Exercise instructions:
Produce a copy of every line in the records that holds the string "theorem".

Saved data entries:
────

theorem weak_nullstellensatz:
  assumes J: "poly_ideal n J" and f: "in_vars n f" and avoids: "\<forall>m. f ^ m \<notin> J"
  obtains z where "z \<in> pts n" "\<And>p. p \<in> J \<Longrightarrow> peval p z = 0" "peval f z \<noteq> 0"
proof -
  obtain M where "J \<subseteq> M" "max_avoiding n f M"
    using exists_max_avoiding[OF J f avoids] by blast
  interpret max_avoiding n f M
    by fact
  have "\<forall>j. \<exists>c. j < n \<longrightarrow> var j - cst c \<in> M"
    using exists_cst_mem[OF in_vars_var] by blast
  then obtain c where c: "\<And>j. j < n \<Longrightarrow> var j - cst (c j) \<in> M"
    by metis
  define z where "z j = (if j < n then c j else 0)" for j
  have z: "\<And>j. j < n \<Longrightarrow> var j - cst (z j) \<in> M"
    using c by (simp add: z_def)
  have value_mem: "p - cst (peval p z) \<in> M" if "in_vars n p" for p
    using poly_ideal_sub_cst_peval[OF ideal z that] .
  have "z \<in> pts n"
    by (simp add: pts_def z_def)
  moreover have "peval p z = 0" if "p \<in> J" for p
  proof -
    have "p \<in> M" "p - cst (peval p z) \<in> M"
      using that \<open>J \<subseteq> M\<close> value_mem poly_ideal_in_vars[OF J] by auto
    then have "p - (p - cst (peval p z)) \<in> M"
      by (rule poly_ideal_diff[OF ideal])
    then show ?thesis
      by (simp add: cst_memD)
  qed
  moreover have "peval f z \<noteq> 0"
    using value_mem[OF f] avoids[of 1] by auto
  ultimately show thesis
    using that by blast
qed

theorem nullstellensatz:
  assumes J: "poly_ideal n J" and f: "in_vars n f"
    and vanishes: "\<And>z. z \<in> pts n \<Longrightarrow> \<forall>p\<in>J. peval p z = 0 \<Longrightarrow> peval f z = 0"
  shows "f \<in> crad J"
proof (rule ccontr)
  assume "f \<notin> crad J"
  then have positive_powers: "f ^ m \<notin> J" if "m \<ge> 1" for m
    using that by (simp add: crad_def)
  have avoids: "\<forall>m. f ^ m \<notin> J"
  proof
    fix m
    show "f ^ m \<notin> J"
    proof (cases "m = 0")
      case True
      have "f ^ 0 \<in> J \<Longrightarrow> f * 1 \<in> J"
        using poly_ideal_mult[OF J f, of 1] by simp
      then show ?thesis
        using True positive_powers[of 1] by auto
    next
      case False
      then show ?thesis
        using positive_powers by simp
    qed
  qed
  obtain z where z: "z \<in> pts n" "\<And>p. p \<in> J \<Longrightarrow> peval p z = 0" "peval f z \<noteq> 0"
    using weak_nullstellensatz[OF J f avoids] by blast
  then show False
    using vanishes[OF z(1)] by simp
qed

lemma crad_vanishes:
  assumes "q \<in> crad J" "\<forall>p\<in>J. peval p z = 0"
  shows "peval q z = 0"
proof -
  obtain m where "m \<ge> 1" "q ^ m \<in> J"
    using assms(1) by (auto simp: crad_def)
  then have "peval q z ^ m = 0" "m \<noteq> 0"
    using assms(2) by (simp_all add: flip: peval_power)
  then show ?thesis
    by simp
qed

section \<open>Fibres of the ideal \<open>I(U)\<close>\<close>

lemma lookup_fib: "Poly_Mapping.lookup (fib s p) a = Poly_Mapping.lookup p a s"
  by (auto simp: fib_def Poly_Mapping.map.rep_eq when_def)

lemma fib_eqI: "(\<And>a. Poly_Mapping.lookup q a = Poly_Mapping.lookup p a s) \<Longrightarrow> fib s p = q"
  by (rule poly_mapping_eqI) (simp add: lookup_fib)

lemma in_vars_fib: "in_vars n p \<Longrightarrow> in_vars n (fib s p)"
  by (auto simp: in_vars_def in_keys_iff lookup_fib)

lemma fib_zero [simp]: "fib s 0 = 0"
  by (rule fib_eqI) simp

lemma fib_add: "fib s (p + q) = fib s p + fib s q"
  by (rule fib_eqI) (simp add: lookup_add lookup_fib)

lemma fib_mult: "fib s (p * q) = fib s p * fib s q"
proof (rule fib_eqI)
  fix k
  let ?A = "Poly_Mapping.keys p" and ?B = "Poly_Mapping.keys q"
  have "Poly_Mapping.lookup (fib s p * fib s q) k = (\<Sum>a\<in>?A. \<Sum>b\<in>?B.
      if k = a + b then Poly_Mapping.lookup (fib s p) a * Poly_Mapping.lookup (fib s q) b else 0)"
    by (rule lookup_mult_finite) (auto simp: in_keys_iff lookup_fib)
  also have "\<dots> = (\<Sum>a\<in>?A. \<Sum>b\<in>?B.
      if k = a + b then Poly_Mapping.lookup p a * Poly_Mapping.lookup q b else 0) s"
    by (simp add: lookup_fib sum_fun_apply) (intro sum.cong refl, simp add: lookup_fib)
  also have "\<dots> = Poly_Mapping.lookup (p * q) k s"
    by (subst lookup_mult_finite[of ?A _ ?B]) auto
  finally show "Poly_Mapping.lookup (fib s p * fib s q) k = Poly_Mapping.lookup (p * q) k s" .
qed

lemma in_vars_restr: "in_vars n p \<Longrightarrow> in_vars n (restr U p)"
  by (auto simp: in_vars_def restr_def in_keys_iff Poly_Mapping.map.rep_eq when_def)

lemma CX_mult:
  assumes p: "p \<in> CX n U" and q: "q \<in> CX n U"
  shows "p * q \<in> CX n U"
proof -
  have lookup_pq: "Poly_Mapping.lookup (p * q) k = (\<lambda>t. \<Sum>a\<in>Poly_Mapping.keys p. \<Sum>b\<in>Poly_Mapping.keys q.
      if k = a + b then Poly_Mapping.lookup p a t * Poly_Mapping.lookup q b t else 0)" for k
    by (rule ext, subst lookup_mult_finite[OF finite_keys order_refl finite_keys order_refl])
      (auto simp: sum_fun_apply intro!: sum.cong)
  have "continuous_on U (Poly_Mapping.lookup (p * q) k)" for k
  proof (unfold lookup_pq, intro continuous_on_sum)
    fix a b
    show "continuous_on U (\<lambda>t. if k = a + b then Poly_Mapping.lookup p a t * Poly_Mapping.lookup q b t else 0)"
      using p q by (cases "k = a + b") (simp_all add: CX_def continuous_on_mult)
  qed
  moreover have "Poly_Mapping.lookup (p * q) k s = 0" if "s \<notin> U" for k s
  proof -
    have "Poly_Mapping.lookup p a s = 0" for a
      using p that by (simp add: CX_def)
    then show ?thesis
      unfolding lookup_pq by (intro sum.neutral ballI) simp
  qed
  moreover have "in_vars n (p * q)"
    using p q by (auto simp: CX_def intro: in_vars_mult)
  ultimately show ?thesis
    by (simp add: CX_def)
qed

definition const_on :: "'a set \<Rightarrow> complex mpoly \<Rightarrow> ('a \<Rightarrow> complex) mpoly" where
  "const_on U q = Poly_Mapping.map (\<lambda>c t. if t \<in> U then c else 0) q"

lemma lookup_const_on:
  "Poly_Mapping.lookup (const_on U q) a = (\<lambda>t. if t \<in> U then Poly_Mapping.lookup q a else 0)"
  by (auto simp: const_on_def Poly_Mapping.map.rep_eq when_def fun_eq_iff)

lemma const_on_CX:
  assumes "in_vars n q"
  shows "const_on U q \<in> CX n U"
proof -
  have "Poly_Mapping.keys (const_on U q) \<subseteq> Poly_Mapping.keys q"
    by (auto simp: in_keys_iff lookup_const_on fun_eq_iff split: if_splits)
  then have "in_vars n (const_on U q)"
    using assms by (auto simp: in_vars_def)
  moreover have "continuous_on U (Poly_Mapping.lookup (const_on U q) a)" for a
    unfolding lookup_const_on by (rule continuous_on_eq[OF continuous_on_const]) auto
  ultimately show ?thesis
    by (auto simp: CX_def lookup_const_on)
qed

lemma fib_const_on: "s \<in> U \<Longrightarrow> fib s (const_on U q) = q"
  by (rule fib_eqI) (simp add: lookup_const_on)

lemma sum_lessThan_add: "(\<Sum>i<k + l. f i) = (\<Sum>i<k. f i) + (\<Sum>i<l. f (k + i :: nat))"
  by (induction l) (auto simp: add_ac)

lemma ideal_on_zero: "0 \<in> ideal_on n I U"
  unfolding ideal_on_def by (intro CollectI exI[of _ 0]) auto

lemma ideal_on_add:
  assumes "g1 \<in> ideal_on n I U" "g2 \<in> ideal_on n I U"
  shows "g1 + g2 \<in> ideal_on n I U"
proof -
  obtain k1 :: nat and h1 f1 where 1: "\<forall>i<k1. h1 i \<in> CX n U \<and> f1 i \<in> I"
    "g1 = (\<Sum>i<k1. h1 i * restr U (f1 i))"
    using assms(1) unfolding ideal_on_def by blast
  obtain k2 :: nat and h2 f2 where 2: "\<forall>i<k2. h2 i \<in> CX n U \<and> f2 i \<in> I"
    "g2 = (\<Sum>i<k2. h2 i * restr U (f2 i))"
    using assms(2) unfolding ideal_on_def by blast
  define h where "h i = (if i < k1 then h1 i else h2 (i - k1))" for i
  define f where "f i = (if i < k1 then f1 i else f2 (i - k1))" for i
  have "\<forall>i<k1 + k2. h i \<in> CX n U \<and> f i \<in> I"
    using 1 2 by (auto simp: h_def f_def)
  moreover have "g1 + g2 = (\<Sum>i<k1 + k2. h i * restr U (f i))"
    by (simp add: sum_lessThan_add 1 2 h_def f_def)
  ultimately show ?thesis
    unfolding ideal_on_def by blast
qed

────

Expected answer:
theorem weak_nullstellensatz:
theorem nullstellensatz:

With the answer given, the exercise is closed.